7. Funzione di barriera epiteliale

  1. Rimuovere eventuali bolle d'aria nel Gut-on-a-Chip facendo scorrere delicatamente il terreno utilizzando la pompa a siringa. Assicurarsi che tutti i tubi siano aperti durante la misurazione.
  2. Rimuovere il Gut-on-a-Chip dalla pompa a siringa e posizionarlo a RT per almeno 10 minuti.
  3. Rimuovere gli elettrodi Ag/AgCl dalla soluzione di EtOH al 70%.
  4. Posizionare due elettrodi Ag/AgCl rispettivamente nell'ingresso superiore e nell'uscita inferiore per misurare la resistenza dello strato epiteliale utilizzando un multimetro.
  5. Posizionare due elettrodi Ag/AgCl rispettivamente nell'ingresso inferiore e nell'uscita superiore. Riporta la media di questi due valori come valore di resistenza per il Gut-on-a-Chip.
    NOTA: Il TEER del bianco deve essere misurato su un Gut-on-a-Chip con solo rivestimento ECM senza epitelio.
  6. Calcolare il valore della resistenza elettrica transepiteliale (TEER) (kΩ × cm2) può essere calcolato utilizzando l'equazione (1).
    TEER = (Ωt - Ωvuoto) × A (1)
    Dove Ωt è un valore di resistenza misurato in un punto temporale specifico dall'inizio dell'esperimento, Ωbianco è un valore di resistenza misurato in quel momento senza l'epitelio e A è l'area della superficie coperta da uno strato cellulare (circa 0,11 cm2 per questo progetto Gut-on-a-Chip29).
    1. Calcolare il TEER normalizzato utilizzando l'equazione (2).
      TEER = figure-protocol-23672 (2)
      Dove Ω0 è un valore di resistenza al punto temporale di lettura iniziale dell'esperimento, come riportato in precedenza30 (Figura 4C).

Representative Results

Questo protocollo facilita in modo affidabile lo sviluppo spontaneo della morfogenesi intestinale 3D in un sistema Gut-on-a-Chip.
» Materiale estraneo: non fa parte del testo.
(* Let $G$ be a group with finite generating set $S$, let $\Gamma$ be a tileset graph for $(G,S)$ and let $Y$ be a non-empty skeletal subset. Then $X=Y\cap X_\Gamma$ is non-empty if and only if there is a bi-infinite $\Gamma$-snake $(\omega,\zeta)$ with $d\omega\in Y$. In addition, if $Y$ is an effective (resp. sofic) subshift, then $X$ is an effective (resp. sofic) subshift.
   Context: Elements of $G$ are represented by words over the alphabet $S\cup S^{-1}$; $\overline{w}$ denotes the element represented by $w$. A tileset graph for $(G,S)$ is a finite multigraph $\Gamma=(A,B)$ whose edges are triples $(a,a',s)$ with $a,a'\in A$, $s\in S\cup S^{-1}$ (from $a$ to $a'$, labeled $s$), such that $(a,a',s)\in B$ implies $(a',a,s^{-1})\in B$. A bi-infinite $\Gamma$-snake is a pair $(\omega,\zeta)$ with $\omega:\mathbb{Z}\to G$ injective and $\zeta:\mathbb{Z}\to A$ such that for all $i$, $d\omega_i:=\omega(i)^{-1}\omega(i+1)\in S\cup S^{-1}$ and $(\zeta(i),\zeta(i+1),d\omega_i)\in B$; $d\omega$ denotes the sequence $(d\omega_i)_{i\in\mathbb{Z}}\in (S\cup S^{-1})^{\mathbb{Z}}$. For a finite alphabet $\mathcal{A}$, a subshift is a set $X_{\mathcal F}\subseteq\mathcal{A}^{\mathbb{Z}}$ of all sequences in which no word of a set $\mathcal{F}$ of forbidden finite words appears; it is sofic if $\mathcal F$ can be taken regular and effective if $\mathcal F$ can be taken decidable. The skeleton subshift $X_{G,S}\subseteq (S\cup S^{-1})^{\mathbb{Z}}$ is the set of sequences none of whose non-empty finite factors represents $1_G$. A skeletal subset is a shift-invariant subset $Y\subseteq X_{G,S}$ (shift $\sigma(x)_i=x_{i+1}$). $X_\Gamma\subseteq(S\cup S^{-1})^{\mathbb{Z}}$ is the set of label sequences of bi-infinite paths in $\Gamma$. *)

theory Defs
  imports "HOL-Algebra.Generated_Groups" "HOL-Library.Nat_Bijection"
begin

definition alph :: "('g, 'b) monoid_scheme \<Rightarrow> 'g set \<Rightarrow> 'g set" where
  "alph G S = S \<union> (\<lambda>s. inv\<^bsub>G\<^esub> s) ` S"

definition word_val :: "('g, 'b) monoid_scheme \<Rightarrow> 'g list \<Rightarrow> 'g" where
  "word_val G w = foldr (\<lambda>a b. a \<otimes>\<^bsub>G\<^esub> b) w \<one>\<^bsub>G\<^esub>"

definition factor :: "(int \<Rightarrow> 'c) \<Rightarrow> int \<Rightarrow> nat \<Rightarrow> 'c list" where
  "factor x i n = map (\<lambda>k. x (i + int k)) [0..<n]"

definition shift :: "(int \<Rightarrow> 'c) \<Rightarrow> (int \<Rightarrow> 'c)" where
  "shift x = (\<lambda>i. x (i + 1))"

definition skeleton :: "('g, 'b) monoid_scheme \<Rightarrow> 'g set \<Rightarrow> (int \<Rightarrow> 'g) set" where
  "skeleton G S = {x. (\<forall>i. x i \<in> alph G S) \<and>
      (\<forall>i n. n > 0 \<longrightarrow> word_val G (factor x i n) \<noteq> \<one>\<^bsub>G\<^esub>)}"

definition skeletal :: "('g, 'b) monoid_scheme \<Rightarrow> 'g set \<Rightarrow> (int \<Rightarrow> 'g) set \<Rightarrow> bool" where
  "skeletal G S Y \<longleftrightarrow> Y \<subseteq> skeleton G S \<and> shift ` Y = Y"

definition tileset_graph ::
  "('g, 'b) monoid_scheme \<Rightarrow> 'g set \<Rightarrow> 'a set \<Rightarrow> ('a \<times> 'a \<times> 'g) set \<Rightarrow> bool" where
  "tileset_graph G S A B \<longleftrightarrow> finite A \<and> B \<subseteq> A \<times> A \<times> alph G S \<and>
     (\<forall>a a' s. (a, a', s) \<in> B \<longrightarrow> (a', a, inv\<^bsub>G\<^esub> s) \<in> B)"

definition dw :: "('g, 'b) monoid_scheme \<Rightarrow> (int \<Rightarrow> 'g) \<Rightarrow> (int \<Rightarrow> 'g)" where
  "dw G \<omega> = (\<lambda>i. inv\<^bsub>G\<^esub> (\<omega> i) \<otimes>\<^bsub>G\<^esub> \<omega> (i + 1))"

definition snake ::
  "('g, 'b) monoid_scheme \<Rightarrow> 'g set \<Rightarrow> ('a \<times> 'a \<times> 'g) set \<Rightarrow> (int \<Rightarrow> 'g) \<Rightarrow> (int \<Rightarrow> 'a) \<Rightarrow> bool" where
  "snake G S B \<omega> \<zeta> \<longleftrightarrow> inj \<omega> \<and> (\<forall>i. \<omega> i \<in> carrier G) \<and>
     (\<forall>i. dw G \<omega> i \<in> alph G S \<and> (\<zeta> i, \<zeta> (i + 1), dw G \<omega> i) \<in> B)"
Questo approccio utilizza cellule epiteliali intestinali canine ottenute da organoidi intestinali derivati da cani affetti da malattie infiammatorie intestinali (IBD) (Figura 1B). Raggruppamenti occasionali della morfogenesi 3D delle cellule epiteliali intestinali canine possono essere osservati in tutto il microcanale dopo 6-9 giorni di flusso medio (Figura 3C). Questi cambiamenti morfologici possono essere monitorati utilizzando tecniche di contrasto di fase. In questo studio, abbiamo utilizzato organoidi derivati da due cani con diagnosi di IBD. In particolare, la morfogenesi 3D di successo è stata osservata in due repliche biologiche, ciascuna delle quali è stata eseguita con due repliche tecniche. I risultati di questo studio forniscono una base per future indagini che coinvolgono organoidi intestinali derivati da altri donatori canini. Questi risultati dimostrano la potenziale applicabilità e ripetibilità del nostro approccio sperimentale, che è stato precedentemente riportato in campioni umani. Questi risultati forniscono un'ulteriore conferma che la tecnologia Gut-on-a-Chip è applicabile alle cellule epiteliali intestinali canine, come precedentemente riportato con gli studi che utilizzano cellule epiteliali intestinali umane2.

Questo protocollo ha dimostrato che la colorazione a immunofluorescenza può essere utilizzata per valutare la struttura 3D di monostrati derivati da organoidi che hanno formato strutture simili a villi in chip microfluidici utilizzando la microscopia a fluorescenza convenzionale (Figura 4 A,B). Questo protocollo può essere adattato per validare i fenotipi cellulari differenziati e spazialmente organizzati attraverso la colorazione in immunofluorescenza. La visualizzazione di una morfogenesi 3D all'interno di un Gut-on-a-Chip fornisce un'eccellente opportunità per studiare la risposta dell'ospite durante varie interazioni patologiche 14,23,31. Se combinata con cellule epiteliali derivate da donatori pazienti, come precedentemente descritto nell'uomo, questa tecnologia può essere utilizzata per costruire modelli personalizzati di malattie intestinali13. Attraverso l'integrazione dell'imaging in immunofluorescenza con tecniche di visualizzazione mirata dell'RNA come l'ibridazione fluorescente in situ, può essere possibile analizzare visivamente i trascrittomi e i proteomi dell'ospite all'interno di un sistema Gut-on-a-Chip.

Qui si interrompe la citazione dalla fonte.